Julia Lucey, creates engravings and aquatint that address the salvaje, the evolution of wildlife, its dissolution and the human attempt to manage it.
Creating beautiful and amazing images, he opts for the use of traditional techniques with which he explores human concepts, in addition to observing and scientifically knowing the natural world.
The American artist originally from Fairfax, California, studied graphic arts at the San Francisco Art Institute and is currently a resident at the Kala Art Institute.
Lucey, makes use of traditional engraving in direct reference to naturalistic engravers of the XNUMXth and XNUMXth centuries, categorizing and labeling the flora and fauna around him in etchings, engravings and lithographs.

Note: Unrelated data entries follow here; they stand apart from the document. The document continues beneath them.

(* Let $\sigma\in\mathrm{Av}_n(312)$ and let $i$ be a descent of $\sigma$ (i.e. $\sigma(i)>\sigma(i+1)$). Let $j\in[n]$ be the minimal index such that $\sigma(k)\ge\sigma(i)$ for all $k\in[j,i]$, and let $\tau=\sigma\circ(i\ \ i{+}1)$ be obtained from $\sigma$ by swapping the entries in positions $i$ and $i+1$. Then \[ \pi_\downarrow(\tau)=\sigma\circ\begin{pmatrix} i{+}1 & i & \cdots & j{+}1 & j\end{pmatrix}, \] i.e. $\pi_\downarrow(\tau)$ is obtained from $\sigma$ by moving the entry $\sigma(i+1)$ to position $j$ and shifting the entries in positions $j,\dots,i$ one place to the right.
   Context: $\mathrm{Av}_n(312)$ is the set of permutations $\sigma\in S_n$ with no indices $i_1<i_2<i_3$ such that $\sigma(i_1)>\sigma(i_3)>\sigma(i_2)$. Permutations are written in one-line notation and composed as functions; the cycle $(i{+}1\ i\ \cdots\ j)$ maps $i+1\mapsto i\mapsto\cdots\mapsto j\mapsto i+1$. For $\sigma\in S_n$, an allowable swap is available if there are indices $a,b$ with $a+1<b$ and $\sigma(a+1)<\sigma(b)<\sigma(a)$; it exchanges the entries in positions $a$ and $a+1$. The projection $\pi_\downarrow:S_n\to\mathrm{Av}_n(312)$ sends $\sigma$ to the permutation obtained by repeatedly applying allowable swaps until none is available; this result is known to be independent of the order of swaps. *)

theory Defs
  imports "HOL-Combinatorics.Combinatorics"
begin

text \<open>Permutations of [n] = {1..n} are functions nat => nat permuting {1..n}
  (identity outside); one-line notation: sigma(1),...,sigma(n).\<close>

definition avoids312 :: "nat \<Rightarrow> (nat \<Rightarrow> nat) \<Rightarrow> bool" where
  "avoids312 n \<sigma> \<longleftrightarrow> \<sigma> permutes {1..n} \<and>
     \<not> (\<exists>i1 i2 i3. 1 \<le> i1 \<and> i1 < i2 \<and> i2 < i3 \<and> i3 \<le> n \<and>
              \<sigma> i1 > \<sigma> i3 \<and> \<sigma> i3 > \<sigma> i2)"

definition allowable_swap :: "nat \<Rightarrow> (nat \<Rightarrow> nat) \<Rightarrow> (nat \<Rightarrow> nat) \<Rightarrow> bool" where
  "allowable_swap n \<sigma> \<tau> \<longleftrightarrow> (\<exists>a b. 1 \<le> a \<and> a + 1 < b \<and> b \<le> n \<and>
       \<sigma> (a + 1) < \<sigma> b \<and> \<sigma> b < \<sigma> a \<and> \<tau> = \<sigma> \<circ> transpose a (a + 1))"

definition swap_stable :: "nat \<Rightarrow> (nat \<Rightarrow> nat) \<Rightarrow> bool" where
  "swap_stable n \<sigma> \<longleftrightarrow> \<not> (\<exists>\<tau>. allowable_swap n \<sigma> \<tau>)"

text \<open>pi_down: the result of applying allowable swaps until none is available
  (independent of the order of swaps).\<close>
definition pi_down :: "nat \<Rightarrow> (nat \<Rightarrow> nat) \<Rightarrow> (nat \<Rightarrow> nat)" where
  "pi_down n \<sigma> = (THE \<rho>. (allowable_swap n)\<^sup>*\<^sup>* \<sigma> \<rho> \<and> swap_stable n \<rho>)"

end

(* Allowable swaps never change the set of tight inversions: value pairs u < w with w to the left
   of u and no value strictly between them to the right of u.  In a swap-stable permutation every
   inversion is tight, and a permutation of [n] is determined by its inversions, so pi_down(tau) is
   the unique swap-stable permutation reachable from tau.  From tau, the entry sigma(i+1) can be
   swapped leftwards past sigma(i-1), ..., sigma(j), all larger than sigma(i), each time with the
   entry sigma(i), now at position i+1, as the witness b.  By the choice of j the result still
   avoids 312, so it is swap-stable. *)

theory Submission
  imports Defs
begin

definition pattern312 :: "nat \<Rightarrow> (nat \<Rightarrow> nat) \<Rightarrow> nat \<Rightarrow> nat \<Rightarrow> nat \<Rightarrow> bool" where
  "pattern312 n \<sigma> a b c \<longleftrightarrow> 1 \<le> a \<and> a < b \<and> b < c \<and> c \<le> n \<and> \<sigma> b < \<sigma> c \<and> \<sigma> c < \<sigma> a"

lemma avoids312_iff:
  "avoids312 n \<sigma> \<longleftrightarrow> \<sigma> permutes {1..n} \<and> (\<forall>a b c. \<not> pattern312 n \<sigma> a b c)"
  unfolding avoids312_def pattern312_def by blast

lemma avoids312_imp_swap_stable:
  assumes "avoids312 n \<sigma>"
  shows "swap_stable n \<sigma>"
proof -
  have "\<not> allowable_swap n \<sigma> \<tau>" for \<tau>
  proof
    assume "allowable_swap n \<sigma> \<tau>"
    then obtain a b where "1 \<le> a" "a + 1 < b" "b \<le> n" "\<sigma> (a + 1) < \<sigma> b" "\<sigma> b < \<sigma> a"
      unfolding allowable_swap_def by blast
    then have "pattern312 n \<sigma> a (a + 1) b"
      unfolding pattern312_def by simp
    with assms show False
      unfolding avoids312_iff by blast
  qed
  then show ?thesis
    unfolding swap_stable_def by blast
qed

definition inversions :: "nat \<Rightarrow> (nat \<Rightarrow> nat) \<Rightarrow> (nat \<times> nat) set" where
  "inversions n \<sigma> = {(\<sigma> q, \<sigma> p) | p q. 1 \<le> p \<and> p < q \<and> q \<le> n \<and> \<sigma> q < \<sigma> p}"

(* Inversions are recorded as pairs of values, not of positions: only then are the tight ones
   invariant under allowable swaps. *)
definition tight_inversions :: "nat \<Rightarrow> (nat \<Rightarrow> nat) \<Rightarrow> (nat \<times> nat) set" where
  "tight_inversions n \<sigma> = {(\<sigma> q, \<sigma> p) | p q. 1 \<le> p \<and> p < q \<and> q \<le> n \<and> \<sigma> q < \<sigma> p \<and>
     (\<forall>r. q < r \<and> r \<le> n \<longrightarrow> \<not> (\<sigma> q < \<sigma> r \<and> \<sigma> r < \<sigma> p))}"

(* Symmetric in the two swapped entries, so that it also applies to the inverse swap. *)
lemma tight_inversions_subset_swap:
  assumes "1 \<le> a" "a + 1 < b" "b \<le> n"
    and "min (\<sigma> a) (\<sigma> (a + 1)) < \<sigma> b" "\<sigma> b < max (\<sigma> a) (\<sigma> (a + 1))"
  shows "tight_inversions n \<sigma> \<subseteq> tight_inversions n (\<sigma> \<circ> transpose a (a + 1))"
proof
  fix x assume "x \<in> tight_inversions n \<sigma>"
  then obtain p q where x: "x = (\<sigma> q, \<sigma> p)" and pq: "1 \<le> p" "p < q" "q \<le> n" "\<sigma> q < \<sigma> p"
    and tight: "\<And>r. q < r \<Longrightarrow> r \<le> n \<Longrightarrow> \<not> (\<sigma> q < \<sigma> r \<and> \<sigma> r < \<sigma> p)"
    unfolding tight_inversions_def by blast
  define t where "t = transpose a (a + 1)"
  have t_t [simp]: "t (t z) = z" for z
    unfolding t_def by simp
  have not_swapped: "\<not> (p = a \<and> q = a + 1)"
    using tight[of b] assms pq by auto
  then have "t p < t q" "1 \<le> t p" "t q \<le> n"
    using pq assms unfolding t_def transpose_def by auto
  moreover have "\<not> ((\<sigma> \<circ> t) (t q) < (\<sigma> \<circ> t) r \<and> (\<sigma> \<circ> t) r < (\<sigma> \<circ> t) (t p))"
    if r: "t q < r" "r \<le> n" for r
  proof (cases "t q = a \<and> r = a + 1")
    case True
    then have "q = a + 1" "t r = a"
      unfolding t_def by (auto simp: transpose_def split: if_splits)
    then show ?thesis
      using tight[of b] assms pq by auto
  next
    case False
    then have "q < t r" "t r \<le> n"
      using r assms unfolding t_def transpose_def by (auto split: if_splits)
    then show ?thesis
      using tight by simp
  qed
  ultimately show "x \<in> tight_inversions n (\<sigma> \<circ> transpose a (a + 1))"
    unfolding tight_inversions_def x t_def[symmetric]
    using pq(4) by (intro CollectI exI[of _ "t p"] exI[of _ "t q"]) simp
qed

lemma allowable_swap_tight_inversions:
  assumes "allowable_swap n \<sigma> \<tau>"
  shows "tight_inversions n \<tau> = tight_inversions n \<sigma>"
proof -
  obtain a b where ab: "1 \<le> a" "a + 1 < b" "b \<le> n" "\<sigma> (a + 1) < \<sigma> b" "\<sigma> b < \<sigma> a"
    and \<tau>: "\<tau> = \<sigma> \<circ> transpose a (a + 1)"
    using assms unfolding allowable_swap_def by blast
  have \<sigma>: "\<sigma> = \<tau> \<circ> transpose a (a + 1)"
    using \<tau> by (simp add: fun_eq_iff)
  have "\<tau> a = \<sigma> (a + 1)" "\<tau> (a + 1) = \<sigma> a" "\<tau> b = \<sigma> b"
    using \<tau> ab by auto
  then have "tight_inversions n \<tau> \<subseteq> tight_inversions n \<sigma>"
    using tight_inversions_subset_swap[of a b n \<tau>, folded \<sigma>] ab by simp
  moreover have "tight_inversions n \<sigma> \<subseteq> tight_inversions n \<tau>"
    using tight_inversions_subset_swap[of a b n \<sigma>] ab by (simp add: \<tau>)
  ultimately show ?thesis
    by (rule subset_antisym)
qed

lemma allowable_swap_permutes:
  assumes "allowable_swap n \<sigma> \<tau>" "\<sigma> permutes {1..n}"
  shows "\<tau> permutes {1..n}"
proof -
  obtain a b where "1 \<le> a" "a + 1 < b" "b \<le> n" "\<tau> = \<sigma> \<circ> transpose a (a + 1)"
    using assms(1) unfolding allowable_swap_def by blast
  then show ?thesis
    by (metis permutes_compose[OF permutes_swap_id assms(2)] atLeastAtMost_iff
        add_lessD1 less_imp_le le_add2 order.trans)
qed

lemma rtranclp_allowable_swap_tight_inversions:
  "(allowable_swap n)\<^sup>*\<^sup>* \<sigma> \<tau> \<Longrightarrow> tight_inversions n \<tau> = tight_inversions n \<sigma>"
  by (induction rule: rtranclp_induct) (simp_all add: allowable_swap_tight_inversions)

lemma rtranclp_allowable_swap_permutes:
  "(allowable_swap n)\<^sup>*\<^sup>* \<sigma> \<tau> \<Longrightarrow> \<sigma> permutes {1..n} \<Longrightarrow> \<tau> permutes {1..n}"
  by (induction rule: rtranclp_induct) (blast intro: allowable_swap_permutes)+

lemma ex_down_crossing:
  fixes f :: "nat \<Rightarrow> 'a::linorder"
  assumes "p < q" "f q < x" "x \<le> f p"
  shows "\<exists>m. p \<le> m \<and> m < q \<and> f (Suc m) < x \<and> x \<le> f m"
  using assms
proof (induction q)
  case (Suc q)
  show ?case
  proof (cases "p < q \<and> f q < x")
    case True
    then obtain m where "p \<le> m" "m < q" "f (Suc m) < x" "x \<le> f m"
      using Suc.IH Suc.prems by blast
    then show ?thesis
      by (intro exI[of _ m]) auto
  next
    case False
    then show ?thesis
      using Suc.prems by (intro exI[of _ q]) (auto simp: less_Suc_eq not_less)
  qed
qed simp

lemma swap_stable_tight_inversions:
  assumes "swap_stable n \<rho>" "inj \<rho>"
  shows "tight_inversions n \<rho> = inversions n \<rho>"
proof -
  have "\<not> (\<rho> q < \<rho> r \<and> \<rho> r < \<rho> p)" if pqr: "1 \<le> p" "p < q" "q < r" "r \<le> n" for p q r
  proof
    assume between: "\<rho> q < \<rho> r \<and> \<rho> r < \<rho> p"
    then obtain m where m: "p \<le> m" "m < q" "\<rho> (m + 1) < \<rho> r" "\<rho> r \<le> \<rho> m"
      using ex_down_crossing[of p q \<rho> "\<rho> r"] pqr by auto
    moreover have "\<rho> r \<noteq> \<rho> m"
      using \<open>inj \<rho>\<close> m pqr by (metis inj_eq less_asym)
    ultimately have "allowable_swap n \<rho> (\<rho> \<circ> transpose m (m + 1))"
      unfolding allowable_swap_def using pqr by (intro exI[of _ m] exI[of _ r]) auto
    then show False
      using assms(1) unfolding swap_stable_def by blast
  qed
  then have "inversions n \<rho> \<subseteq> tight_inversions n \<rho>"
    unfolding tight_inversions_def inversions_def by blast
  moreover have "tight_inversions n \<rho> \<subseteq> inversions n \<rho>"
    unfolding tight_inversions_def inversions_def by blast
  ultimately show ?thesis
    by (rule subset_antisym[symmetric])
qed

Depicting local Northern California plants and animals, it often evokes the haunting sense of nature on hold.
And is that Julia Lucey's AnimalsThey are not necessarily dangerous. They are only partially hidden in the intricate foliage, attentive to the viewer and almost silent in the hope of being noticed.
In this way Julia intends to do a thoughtful reminder to learn and respect what lives around us and the wild and delicate structure of its ecosystems.
His work insists on giving voice to what has been relegated to the background in society in digital and concrete, for which he places elements and layers of the same engravings, or cuts sections of native flora and arranges them.
This is how his organized and decorative interpretations of the wild clean up what is untamed and unmanageable.
“My work has always been inspired by my love of being outdoors in wild places. It is not only the reassuring escape that it creates, but the curiosity and the desire to know what lives in each place, ”says the artist on her website.
Another interesting detail in Lucey's work is that her engravings refer to the natural history prints of artist/biologist cataloguers like Audubon.
By hand cutting each plant out of the paper and reassembling everything on the panel, he is able to create new worlds.